Transcribe the entries in full, keeping each word as it is.

■ Input for this task ■

------------------------------------

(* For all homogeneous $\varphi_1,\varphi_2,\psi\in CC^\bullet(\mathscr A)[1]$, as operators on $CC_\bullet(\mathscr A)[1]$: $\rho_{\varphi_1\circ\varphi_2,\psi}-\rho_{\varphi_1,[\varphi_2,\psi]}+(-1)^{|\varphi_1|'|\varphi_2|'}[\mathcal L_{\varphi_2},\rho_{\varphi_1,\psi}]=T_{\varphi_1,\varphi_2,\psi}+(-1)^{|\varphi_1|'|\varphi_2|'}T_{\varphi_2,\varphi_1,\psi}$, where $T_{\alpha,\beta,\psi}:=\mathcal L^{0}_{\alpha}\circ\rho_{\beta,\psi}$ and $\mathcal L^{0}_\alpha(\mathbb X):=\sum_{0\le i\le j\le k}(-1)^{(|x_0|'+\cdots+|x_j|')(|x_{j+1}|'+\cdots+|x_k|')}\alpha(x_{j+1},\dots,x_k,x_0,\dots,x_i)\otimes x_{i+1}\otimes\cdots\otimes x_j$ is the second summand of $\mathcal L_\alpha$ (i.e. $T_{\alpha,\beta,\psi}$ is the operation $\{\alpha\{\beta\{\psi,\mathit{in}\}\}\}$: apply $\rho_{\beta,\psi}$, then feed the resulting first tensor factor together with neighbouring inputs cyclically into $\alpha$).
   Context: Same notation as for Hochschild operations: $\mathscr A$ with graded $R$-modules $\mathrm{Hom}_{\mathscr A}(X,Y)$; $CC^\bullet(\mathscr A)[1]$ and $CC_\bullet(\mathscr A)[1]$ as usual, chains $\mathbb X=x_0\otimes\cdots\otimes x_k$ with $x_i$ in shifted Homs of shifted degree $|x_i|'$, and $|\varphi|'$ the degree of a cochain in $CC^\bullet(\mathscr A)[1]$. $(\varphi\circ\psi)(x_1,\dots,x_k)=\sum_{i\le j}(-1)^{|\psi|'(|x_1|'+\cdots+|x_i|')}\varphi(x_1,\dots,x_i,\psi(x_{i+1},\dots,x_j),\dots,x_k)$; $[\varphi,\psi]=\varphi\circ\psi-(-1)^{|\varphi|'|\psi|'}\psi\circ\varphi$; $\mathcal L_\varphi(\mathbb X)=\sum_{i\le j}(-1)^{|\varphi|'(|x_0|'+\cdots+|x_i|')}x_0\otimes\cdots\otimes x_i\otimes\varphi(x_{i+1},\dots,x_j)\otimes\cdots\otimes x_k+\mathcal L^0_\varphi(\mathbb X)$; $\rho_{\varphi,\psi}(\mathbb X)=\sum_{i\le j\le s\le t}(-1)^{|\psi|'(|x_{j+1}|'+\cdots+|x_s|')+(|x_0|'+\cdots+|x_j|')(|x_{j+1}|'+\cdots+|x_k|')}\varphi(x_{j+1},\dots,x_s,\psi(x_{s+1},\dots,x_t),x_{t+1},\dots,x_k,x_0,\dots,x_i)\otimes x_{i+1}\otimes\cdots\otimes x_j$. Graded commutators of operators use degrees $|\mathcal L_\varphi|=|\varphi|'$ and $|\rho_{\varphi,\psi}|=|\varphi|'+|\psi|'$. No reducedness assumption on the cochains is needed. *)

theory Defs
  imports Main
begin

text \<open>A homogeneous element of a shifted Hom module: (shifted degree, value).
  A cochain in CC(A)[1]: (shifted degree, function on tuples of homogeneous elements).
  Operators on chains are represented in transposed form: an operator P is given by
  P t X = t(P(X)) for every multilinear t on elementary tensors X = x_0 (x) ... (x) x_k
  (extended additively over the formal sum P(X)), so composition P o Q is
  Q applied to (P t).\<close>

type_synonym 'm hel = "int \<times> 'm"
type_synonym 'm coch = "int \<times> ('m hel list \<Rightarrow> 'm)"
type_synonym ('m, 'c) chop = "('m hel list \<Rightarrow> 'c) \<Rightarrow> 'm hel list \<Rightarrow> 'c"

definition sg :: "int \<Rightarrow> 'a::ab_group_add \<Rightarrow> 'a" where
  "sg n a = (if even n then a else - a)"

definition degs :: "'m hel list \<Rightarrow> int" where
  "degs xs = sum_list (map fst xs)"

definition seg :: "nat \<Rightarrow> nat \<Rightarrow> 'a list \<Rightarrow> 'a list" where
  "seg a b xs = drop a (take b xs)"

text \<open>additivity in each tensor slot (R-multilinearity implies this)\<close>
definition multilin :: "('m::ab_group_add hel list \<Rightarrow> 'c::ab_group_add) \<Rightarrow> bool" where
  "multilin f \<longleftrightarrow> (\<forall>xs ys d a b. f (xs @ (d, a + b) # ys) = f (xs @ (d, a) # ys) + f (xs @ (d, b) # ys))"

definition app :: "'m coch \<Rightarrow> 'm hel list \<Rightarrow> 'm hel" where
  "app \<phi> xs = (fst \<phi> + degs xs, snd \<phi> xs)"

------------------------------------

■ Written answer ■
(* For all homogeneous $\varphi_1,\varphi_2,\psi\in CC^\bullet(\mathscr A)[1]$, as operators on $CC_\bullet(\mathscr A)[1]$: $\rho_{\varphi_1\circ\varphi_2,\psi}-\rho_{\varphi_1,[\varphi_2,\psi]}+(-1)^{|\varphi_1|'|\varphi_2|'}[\mathcal L_{\varphi_2},\rho_{\varphi_1,\psi}]=T_{\varphi_1,\varphi_2,\psi}+(-1)^{|\varphi_1|'|\varphi_2|'}T_{\varphi_2,\varphi_1,\psi}$, where $T_{\alpha,\beta,\psi}:=\mathcal L^{0}_{\alpha}\circ\rho_{\beta,\psi}$ and $\mathcal L^{0}_\alpha(\mathbb X):=\sum_{0\le i\le j\le k}(-1)^{(|x_0|'+\cdots+|x_j|')(|x_{j+1}|'+\cdots+|x_k|')}\alpha(x_{j+1},\dots,x_k,x_0,\dots,x_i)\otimes x_{i+1}\otimes\cdots\otimes x_j$ is the second summand of $\mathcal L_\alpha$ (i.e. $T_{\alpha,\beta,\psi}$ is the operation $\{\alpha\{\beta\{\psi,\mathit{in}\}\}\}$: apply $\rho_{\beta,\psi}$, then feed the resulting first tensor factor together with neighbouring inputs cyclically into $\alpha$).
   Context: Same notation as for Hochschild operations: $\mathscr A$ with graded $R$-modules $\mathrm{Hom}_{\mathscr A}(X,Y)$; $CC^\bullet(\mathscr A)[1]$ and $CC_\bullet(\mathscr A)[1]$ as usual, chains $\mathbb X=x_0\otimes\cdots\otimes x_k$ with $x_i$ in shifted Homs of shifted degree $|x_i|'$, and $|\varphi|'$ the degree of a cochain in $CC^\bullet(\mathscr A)[1]$. $(\varphi\circ\psi)(x_1,\dots,x_k)=\sum_{i\le j}(-1)^{|\psi|'(|x_1|'+\cdots+|x_i|')}\varphi(x_1,\dots,x_i,\psi(x_{i+1},\dots,x_j),\dots,x_k)$; $[\varphi,\psi]=\varphi\circ\psi-(-1)^{|\varphi|'|\psi|'}\psi\circ\varphi$; $\mathcal L_\varphi(\mathbb X)=\sum_{i\le j}(-1)^{|\varphi|'(|x_0|'+\cdots+|x_i|')}x_0\otimes\cdots\otimes x_i\otimes\varphi(x_{i+1},\dots,x_j)\otimes\cdots\otimes x_k+\mathcal L^0_\varphi(\mathbb X)$; $\rho_{\varphi,\psi}(\mathbb X)=\sum_{i\le j\le s\le t}(-1)^{|\psi|'(|x_{j+1}|'+\cdots+|x_s|')+(|x_0|'+\cdots+|x_j|')(|x_{j+1}|'+\cdots+|x_k|')}\varphi(x_{j+1},\dots,x_s,\psi(x_{s+1},\dots,x_t),x_{t+1},\dots,x_k,x_0,\dots,x_i)\otimes x_{i+1}\otimes\cdots\otimes x_j$. Graded commutators of operators use degrees $|\mathcal L_\varphi|=|\varphi|'$ and $|\rho_{\varphi,\psi}|=|\varphi|'+|\psi|'$. No reducedness assumption on the cochains is needed. *)

theory Defs
  imports Main
begin

text \<open>A homogeneous element of a shifted Hom module: (shifted degree, value).
  A cochain in CC(A)[1]: (shifted degree, function on tuples of homogeneous elements).
  Operators on chains are represented in transposed form: an operator P is given by
  P t X = t(P(X)) for every multilinear t on elementary tensors X = x_0 (x) ... (x) x_k
  (extended additively over the formal sum P(X)), so composition P o Q is
  Q applied to (P t).\<close>

type_synonym 'm hel = "int \<times> 'm"
type_synonym 'm coch = "int \<times> ('m hel list \<Rightarrow> 'm)"
type_synonym ('m, 'c) chop = "('m hel list \<Rightarrow> 'c) \<Rightarrow> 'm hel list \<Rightarrow> 'c"

definition sg :: "int \<Rightarrow> 'a::ab_group_add \<Rightarrow> 'a" where
  "sg n a = (if even n then a else - a)"

definition degs :: "'m hel list \<Rightarrow> int" where
  "degs xs = sum_list (map fst xs)"

definition seg :: "nat \<Rightarrow> nat \<Rightarrow> 'a list \<Rightarrow> 'a list" where
  "seg a b xs = drop a (take b xs)"

text \<open>additivity in each tensor slot (R-multilinearity implies this)\<close>
definition multilin :: "('m::ab_group_add hel list \<Rightarrow> 'c::ab_group_add) \<Rightarrow> bool" where
  "multilin f \<longleftrightarrow> (\<forall>xs ys d a b. f (xs @ (d, a + b) # ys) = f (xs @ (d, a) # ys) + f (xs @ (d, b) # ys))"

definition app :: "'m coch \<Rightarrow> 'm hel list \<Rightarrow> 'm hel" where
  "app \<phi> xs = (fst \<phi> + degs xs, snd \<phi> xs)"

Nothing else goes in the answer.